- ACTIVITY -
Nothing outside the range is wanted. Repeat exactly the lines below from the one with "real) \<Rightarrow> history" through the one with "r h \<longleftrightarrow>".

____________

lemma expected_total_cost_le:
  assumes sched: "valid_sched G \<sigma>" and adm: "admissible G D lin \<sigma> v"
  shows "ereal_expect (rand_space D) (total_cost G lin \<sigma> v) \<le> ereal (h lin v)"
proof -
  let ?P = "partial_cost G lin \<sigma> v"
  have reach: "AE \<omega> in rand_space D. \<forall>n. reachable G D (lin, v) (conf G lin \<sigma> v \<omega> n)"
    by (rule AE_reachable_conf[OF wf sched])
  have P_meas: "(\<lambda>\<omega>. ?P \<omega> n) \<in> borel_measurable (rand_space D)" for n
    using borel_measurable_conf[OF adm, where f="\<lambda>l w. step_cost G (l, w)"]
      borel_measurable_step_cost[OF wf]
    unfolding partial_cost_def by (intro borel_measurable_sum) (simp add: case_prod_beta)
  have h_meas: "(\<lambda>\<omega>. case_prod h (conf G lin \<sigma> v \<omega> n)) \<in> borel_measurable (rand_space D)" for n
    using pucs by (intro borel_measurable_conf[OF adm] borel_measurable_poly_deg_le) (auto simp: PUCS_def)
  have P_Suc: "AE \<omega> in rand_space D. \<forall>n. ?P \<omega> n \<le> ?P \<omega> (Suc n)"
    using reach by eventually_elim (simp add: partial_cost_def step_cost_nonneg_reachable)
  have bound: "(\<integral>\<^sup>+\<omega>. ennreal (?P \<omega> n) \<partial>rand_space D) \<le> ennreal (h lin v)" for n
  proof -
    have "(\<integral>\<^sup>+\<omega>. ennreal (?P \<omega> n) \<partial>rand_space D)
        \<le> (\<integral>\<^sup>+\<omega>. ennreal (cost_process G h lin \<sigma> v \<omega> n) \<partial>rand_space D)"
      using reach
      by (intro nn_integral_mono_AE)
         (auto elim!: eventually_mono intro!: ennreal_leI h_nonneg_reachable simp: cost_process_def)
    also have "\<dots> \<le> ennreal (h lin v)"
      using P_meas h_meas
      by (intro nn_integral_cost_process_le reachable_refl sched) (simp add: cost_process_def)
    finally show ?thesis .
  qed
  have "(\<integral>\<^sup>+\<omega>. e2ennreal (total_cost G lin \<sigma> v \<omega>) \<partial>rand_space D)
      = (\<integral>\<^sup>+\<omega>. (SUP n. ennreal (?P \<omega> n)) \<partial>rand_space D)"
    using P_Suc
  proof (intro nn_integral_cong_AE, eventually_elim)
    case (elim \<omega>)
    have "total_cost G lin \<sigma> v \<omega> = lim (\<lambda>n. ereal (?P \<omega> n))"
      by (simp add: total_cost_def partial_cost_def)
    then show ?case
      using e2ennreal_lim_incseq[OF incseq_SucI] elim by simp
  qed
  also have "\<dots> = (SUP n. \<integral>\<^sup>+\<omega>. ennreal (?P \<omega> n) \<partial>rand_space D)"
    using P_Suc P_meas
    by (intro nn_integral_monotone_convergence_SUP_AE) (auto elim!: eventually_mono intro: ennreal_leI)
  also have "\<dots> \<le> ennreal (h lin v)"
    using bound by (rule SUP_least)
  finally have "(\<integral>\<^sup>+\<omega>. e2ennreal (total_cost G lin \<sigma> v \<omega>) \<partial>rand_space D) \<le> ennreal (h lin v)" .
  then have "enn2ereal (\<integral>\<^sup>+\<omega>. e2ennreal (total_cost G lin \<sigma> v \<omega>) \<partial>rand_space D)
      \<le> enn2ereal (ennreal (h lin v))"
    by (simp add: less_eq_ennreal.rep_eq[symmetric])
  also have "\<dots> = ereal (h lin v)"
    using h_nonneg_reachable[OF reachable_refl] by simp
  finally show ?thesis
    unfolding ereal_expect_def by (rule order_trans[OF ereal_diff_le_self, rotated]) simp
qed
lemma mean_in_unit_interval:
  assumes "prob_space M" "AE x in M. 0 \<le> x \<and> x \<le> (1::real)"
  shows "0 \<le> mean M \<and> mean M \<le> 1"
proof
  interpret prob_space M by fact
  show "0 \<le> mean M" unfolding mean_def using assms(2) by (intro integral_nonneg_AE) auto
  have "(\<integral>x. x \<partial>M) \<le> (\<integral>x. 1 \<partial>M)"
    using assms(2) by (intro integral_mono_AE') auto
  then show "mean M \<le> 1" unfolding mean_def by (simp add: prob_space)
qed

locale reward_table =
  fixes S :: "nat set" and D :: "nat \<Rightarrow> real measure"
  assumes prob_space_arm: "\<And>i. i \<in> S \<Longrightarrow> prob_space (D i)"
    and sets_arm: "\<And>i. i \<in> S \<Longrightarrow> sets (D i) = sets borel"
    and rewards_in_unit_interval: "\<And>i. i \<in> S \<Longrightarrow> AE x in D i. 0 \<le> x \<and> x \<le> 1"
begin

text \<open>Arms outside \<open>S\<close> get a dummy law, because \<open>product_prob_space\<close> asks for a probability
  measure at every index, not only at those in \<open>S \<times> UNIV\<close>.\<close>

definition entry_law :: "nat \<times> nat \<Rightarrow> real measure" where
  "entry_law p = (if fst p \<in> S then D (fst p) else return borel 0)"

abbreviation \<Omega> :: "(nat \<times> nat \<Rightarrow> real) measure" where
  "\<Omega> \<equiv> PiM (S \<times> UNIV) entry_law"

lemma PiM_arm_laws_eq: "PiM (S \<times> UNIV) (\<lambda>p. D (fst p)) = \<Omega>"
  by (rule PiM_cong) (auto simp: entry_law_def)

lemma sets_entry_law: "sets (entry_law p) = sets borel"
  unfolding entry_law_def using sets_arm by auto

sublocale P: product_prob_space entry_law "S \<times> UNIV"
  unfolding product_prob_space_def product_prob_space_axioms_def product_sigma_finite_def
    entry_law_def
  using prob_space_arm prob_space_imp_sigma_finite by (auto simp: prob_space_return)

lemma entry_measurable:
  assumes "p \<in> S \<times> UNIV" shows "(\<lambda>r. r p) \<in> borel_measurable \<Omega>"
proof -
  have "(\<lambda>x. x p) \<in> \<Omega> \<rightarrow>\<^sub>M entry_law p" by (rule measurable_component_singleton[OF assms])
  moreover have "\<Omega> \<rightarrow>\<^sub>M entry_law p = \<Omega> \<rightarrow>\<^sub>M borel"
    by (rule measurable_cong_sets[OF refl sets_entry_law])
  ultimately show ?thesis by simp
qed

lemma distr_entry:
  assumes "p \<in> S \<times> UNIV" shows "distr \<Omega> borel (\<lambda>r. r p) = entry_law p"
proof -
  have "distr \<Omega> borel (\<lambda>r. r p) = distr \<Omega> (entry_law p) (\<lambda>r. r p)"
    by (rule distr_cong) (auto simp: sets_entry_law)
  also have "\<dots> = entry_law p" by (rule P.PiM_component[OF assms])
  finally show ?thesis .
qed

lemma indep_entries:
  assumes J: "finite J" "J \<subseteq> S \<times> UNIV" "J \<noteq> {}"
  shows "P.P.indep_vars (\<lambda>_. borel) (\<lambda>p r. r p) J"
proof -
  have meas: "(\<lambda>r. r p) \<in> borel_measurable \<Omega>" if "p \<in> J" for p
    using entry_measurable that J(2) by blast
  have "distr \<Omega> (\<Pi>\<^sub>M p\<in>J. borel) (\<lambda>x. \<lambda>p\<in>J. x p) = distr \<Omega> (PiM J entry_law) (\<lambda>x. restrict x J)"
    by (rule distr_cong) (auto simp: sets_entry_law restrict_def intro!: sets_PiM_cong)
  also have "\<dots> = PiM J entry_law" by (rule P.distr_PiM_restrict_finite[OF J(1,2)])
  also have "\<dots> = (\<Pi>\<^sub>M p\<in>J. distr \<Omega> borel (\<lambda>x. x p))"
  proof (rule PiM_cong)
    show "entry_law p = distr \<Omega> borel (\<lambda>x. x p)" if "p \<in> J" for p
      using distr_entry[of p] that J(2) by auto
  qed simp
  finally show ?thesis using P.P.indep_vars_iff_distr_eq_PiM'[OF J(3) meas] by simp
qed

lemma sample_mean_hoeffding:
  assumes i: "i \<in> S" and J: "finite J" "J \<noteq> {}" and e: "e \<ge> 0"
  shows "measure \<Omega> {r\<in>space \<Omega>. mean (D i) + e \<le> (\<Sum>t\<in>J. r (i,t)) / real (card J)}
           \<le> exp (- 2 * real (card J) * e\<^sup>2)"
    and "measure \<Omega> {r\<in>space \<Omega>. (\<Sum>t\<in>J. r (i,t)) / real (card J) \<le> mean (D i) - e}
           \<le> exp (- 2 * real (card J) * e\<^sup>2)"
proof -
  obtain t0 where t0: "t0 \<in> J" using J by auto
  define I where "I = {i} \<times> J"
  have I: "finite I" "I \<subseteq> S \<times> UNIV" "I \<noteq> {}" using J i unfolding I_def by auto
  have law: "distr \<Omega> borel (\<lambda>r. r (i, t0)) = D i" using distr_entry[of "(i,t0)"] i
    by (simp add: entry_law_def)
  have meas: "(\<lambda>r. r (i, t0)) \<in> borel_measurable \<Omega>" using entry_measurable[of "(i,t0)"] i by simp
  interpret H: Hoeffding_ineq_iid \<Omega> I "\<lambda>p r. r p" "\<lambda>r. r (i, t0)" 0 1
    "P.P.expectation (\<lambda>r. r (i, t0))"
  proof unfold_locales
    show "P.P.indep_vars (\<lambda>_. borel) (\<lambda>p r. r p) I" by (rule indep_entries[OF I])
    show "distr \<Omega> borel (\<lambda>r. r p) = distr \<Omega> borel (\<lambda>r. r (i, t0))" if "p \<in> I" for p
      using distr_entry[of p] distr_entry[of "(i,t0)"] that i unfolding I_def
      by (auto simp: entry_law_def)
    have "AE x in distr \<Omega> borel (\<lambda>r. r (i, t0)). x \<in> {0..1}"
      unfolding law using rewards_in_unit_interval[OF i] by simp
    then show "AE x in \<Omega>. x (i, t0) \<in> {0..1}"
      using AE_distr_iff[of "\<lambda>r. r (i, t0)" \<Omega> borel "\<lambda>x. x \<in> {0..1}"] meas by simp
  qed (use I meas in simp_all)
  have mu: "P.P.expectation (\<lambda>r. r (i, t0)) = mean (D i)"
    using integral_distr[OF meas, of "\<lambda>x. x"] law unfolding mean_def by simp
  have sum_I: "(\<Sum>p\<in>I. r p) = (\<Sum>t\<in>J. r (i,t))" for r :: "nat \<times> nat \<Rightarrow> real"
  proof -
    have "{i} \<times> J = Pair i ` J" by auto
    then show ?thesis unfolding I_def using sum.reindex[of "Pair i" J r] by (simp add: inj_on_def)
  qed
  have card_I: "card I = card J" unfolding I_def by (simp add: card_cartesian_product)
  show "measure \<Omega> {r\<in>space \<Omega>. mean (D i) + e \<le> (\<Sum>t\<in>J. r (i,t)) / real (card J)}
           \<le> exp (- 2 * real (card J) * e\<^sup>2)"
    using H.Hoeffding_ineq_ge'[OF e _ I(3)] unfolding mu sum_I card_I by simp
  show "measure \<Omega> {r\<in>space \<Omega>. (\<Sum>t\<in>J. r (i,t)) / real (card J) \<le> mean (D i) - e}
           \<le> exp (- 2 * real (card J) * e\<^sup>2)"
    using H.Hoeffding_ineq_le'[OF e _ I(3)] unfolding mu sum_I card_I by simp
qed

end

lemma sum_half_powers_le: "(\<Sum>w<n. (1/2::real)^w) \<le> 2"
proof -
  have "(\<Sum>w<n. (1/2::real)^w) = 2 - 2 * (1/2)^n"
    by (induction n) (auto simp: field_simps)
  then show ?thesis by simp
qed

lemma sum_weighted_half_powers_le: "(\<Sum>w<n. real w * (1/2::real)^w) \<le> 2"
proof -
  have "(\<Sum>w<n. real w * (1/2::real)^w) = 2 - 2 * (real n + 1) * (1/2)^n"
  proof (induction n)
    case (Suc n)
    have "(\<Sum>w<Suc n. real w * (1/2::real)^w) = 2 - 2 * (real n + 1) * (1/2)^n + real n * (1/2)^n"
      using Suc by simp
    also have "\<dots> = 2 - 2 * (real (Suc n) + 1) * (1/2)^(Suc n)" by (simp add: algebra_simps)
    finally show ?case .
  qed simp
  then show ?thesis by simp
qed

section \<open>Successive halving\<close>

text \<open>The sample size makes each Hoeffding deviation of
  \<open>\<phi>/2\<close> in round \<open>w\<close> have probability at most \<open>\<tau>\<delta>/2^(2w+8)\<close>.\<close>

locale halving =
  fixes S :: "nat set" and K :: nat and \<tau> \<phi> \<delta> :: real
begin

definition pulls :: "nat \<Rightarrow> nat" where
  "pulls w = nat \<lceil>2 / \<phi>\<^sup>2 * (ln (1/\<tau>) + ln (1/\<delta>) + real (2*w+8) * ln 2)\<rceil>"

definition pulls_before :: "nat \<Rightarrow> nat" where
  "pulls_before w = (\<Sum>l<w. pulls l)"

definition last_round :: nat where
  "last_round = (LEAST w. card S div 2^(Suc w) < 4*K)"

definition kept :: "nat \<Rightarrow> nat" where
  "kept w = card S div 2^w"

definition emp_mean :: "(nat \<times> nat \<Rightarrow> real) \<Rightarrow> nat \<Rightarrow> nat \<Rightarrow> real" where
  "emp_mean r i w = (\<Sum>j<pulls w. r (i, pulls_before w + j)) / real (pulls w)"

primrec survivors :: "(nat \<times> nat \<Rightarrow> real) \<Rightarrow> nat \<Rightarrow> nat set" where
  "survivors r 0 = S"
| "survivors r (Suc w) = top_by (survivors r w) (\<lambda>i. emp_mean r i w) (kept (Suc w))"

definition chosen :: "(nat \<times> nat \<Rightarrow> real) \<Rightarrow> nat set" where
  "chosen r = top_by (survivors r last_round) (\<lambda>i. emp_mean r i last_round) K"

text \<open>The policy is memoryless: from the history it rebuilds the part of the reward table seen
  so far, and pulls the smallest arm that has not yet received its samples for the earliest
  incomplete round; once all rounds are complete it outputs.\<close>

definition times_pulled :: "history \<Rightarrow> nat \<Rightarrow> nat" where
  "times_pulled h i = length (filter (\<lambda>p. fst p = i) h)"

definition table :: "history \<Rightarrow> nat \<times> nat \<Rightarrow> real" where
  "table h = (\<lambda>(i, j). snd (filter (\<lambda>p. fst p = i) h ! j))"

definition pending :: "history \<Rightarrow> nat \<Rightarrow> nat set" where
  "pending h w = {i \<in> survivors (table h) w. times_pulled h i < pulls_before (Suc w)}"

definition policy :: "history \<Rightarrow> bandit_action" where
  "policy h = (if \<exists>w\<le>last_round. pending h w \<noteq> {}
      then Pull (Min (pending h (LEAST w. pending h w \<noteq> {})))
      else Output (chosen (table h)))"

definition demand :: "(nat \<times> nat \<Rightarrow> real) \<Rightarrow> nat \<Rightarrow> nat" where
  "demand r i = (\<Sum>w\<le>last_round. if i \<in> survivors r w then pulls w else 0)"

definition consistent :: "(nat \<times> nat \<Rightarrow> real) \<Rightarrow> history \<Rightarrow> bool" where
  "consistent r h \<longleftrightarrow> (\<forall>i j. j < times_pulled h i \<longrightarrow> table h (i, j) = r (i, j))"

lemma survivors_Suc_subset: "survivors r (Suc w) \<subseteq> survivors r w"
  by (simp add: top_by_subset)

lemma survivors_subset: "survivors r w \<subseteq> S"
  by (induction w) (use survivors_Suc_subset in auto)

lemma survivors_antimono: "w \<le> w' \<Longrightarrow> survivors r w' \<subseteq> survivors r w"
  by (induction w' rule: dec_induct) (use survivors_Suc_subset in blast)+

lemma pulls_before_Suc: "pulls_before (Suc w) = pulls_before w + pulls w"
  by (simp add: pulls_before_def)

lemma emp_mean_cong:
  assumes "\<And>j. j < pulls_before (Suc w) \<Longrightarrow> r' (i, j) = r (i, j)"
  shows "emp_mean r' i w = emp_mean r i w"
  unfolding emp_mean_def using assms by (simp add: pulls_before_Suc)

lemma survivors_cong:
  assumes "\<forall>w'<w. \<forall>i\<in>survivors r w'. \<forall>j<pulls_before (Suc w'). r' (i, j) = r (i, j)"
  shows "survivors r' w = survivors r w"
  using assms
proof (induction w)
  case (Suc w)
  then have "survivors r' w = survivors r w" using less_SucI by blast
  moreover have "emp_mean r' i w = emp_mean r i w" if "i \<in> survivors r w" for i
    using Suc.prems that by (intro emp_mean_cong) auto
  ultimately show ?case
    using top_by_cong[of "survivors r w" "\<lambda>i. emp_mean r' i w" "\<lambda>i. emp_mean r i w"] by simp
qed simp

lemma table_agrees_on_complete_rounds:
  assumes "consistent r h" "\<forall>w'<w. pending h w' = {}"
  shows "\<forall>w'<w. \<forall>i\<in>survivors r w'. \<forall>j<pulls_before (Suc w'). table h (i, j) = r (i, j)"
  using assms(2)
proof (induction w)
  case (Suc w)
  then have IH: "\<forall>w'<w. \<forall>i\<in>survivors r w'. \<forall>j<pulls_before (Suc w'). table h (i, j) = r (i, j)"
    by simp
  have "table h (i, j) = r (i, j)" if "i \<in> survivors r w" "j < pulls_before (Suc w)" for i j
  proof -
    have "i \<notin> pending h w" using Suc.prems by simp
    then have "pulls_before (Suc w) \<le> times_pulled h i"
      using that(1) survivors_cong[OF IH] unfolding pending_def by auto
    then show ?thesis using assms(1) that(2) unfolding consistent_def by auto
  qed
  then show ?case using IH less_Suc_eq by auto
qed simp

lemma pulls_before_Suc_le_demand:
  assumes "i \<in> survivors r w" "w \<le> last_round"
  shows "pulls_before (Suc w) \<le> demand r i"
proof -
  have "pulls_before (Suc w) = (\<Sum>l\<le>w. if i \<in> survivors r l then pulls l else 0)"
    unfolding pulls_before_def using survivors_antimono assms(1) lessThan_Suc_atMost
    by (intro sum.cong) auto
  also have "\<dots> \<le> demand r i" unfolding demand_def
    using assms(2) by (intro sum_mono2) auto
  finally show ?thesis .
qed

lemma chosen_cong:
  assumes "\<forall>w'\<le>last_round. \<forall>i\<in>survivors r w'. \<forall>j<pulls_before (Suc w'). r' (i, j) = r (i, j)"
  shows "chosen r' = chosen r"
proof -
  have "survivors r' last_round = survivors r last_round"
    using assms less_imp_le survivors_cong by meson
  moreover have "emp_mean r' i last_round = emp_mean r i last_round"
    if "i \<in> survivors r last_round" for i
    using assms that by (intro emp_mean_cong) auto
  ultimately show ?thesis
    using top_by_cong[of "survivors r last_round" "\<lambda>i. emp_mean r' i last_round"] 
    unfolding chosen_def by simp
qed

____________

- ANSWER AREA -
definition consistent :: "(nat \<times> nat \<Rightarrow> real) \<Rightarrow> history \<Rightarrow> bool" where
  "consistent r h \<longleftrightarrow> (\<forall>i j. j < times_pulled h i \<longrightarrow> table h (i, j) = r (i, j))"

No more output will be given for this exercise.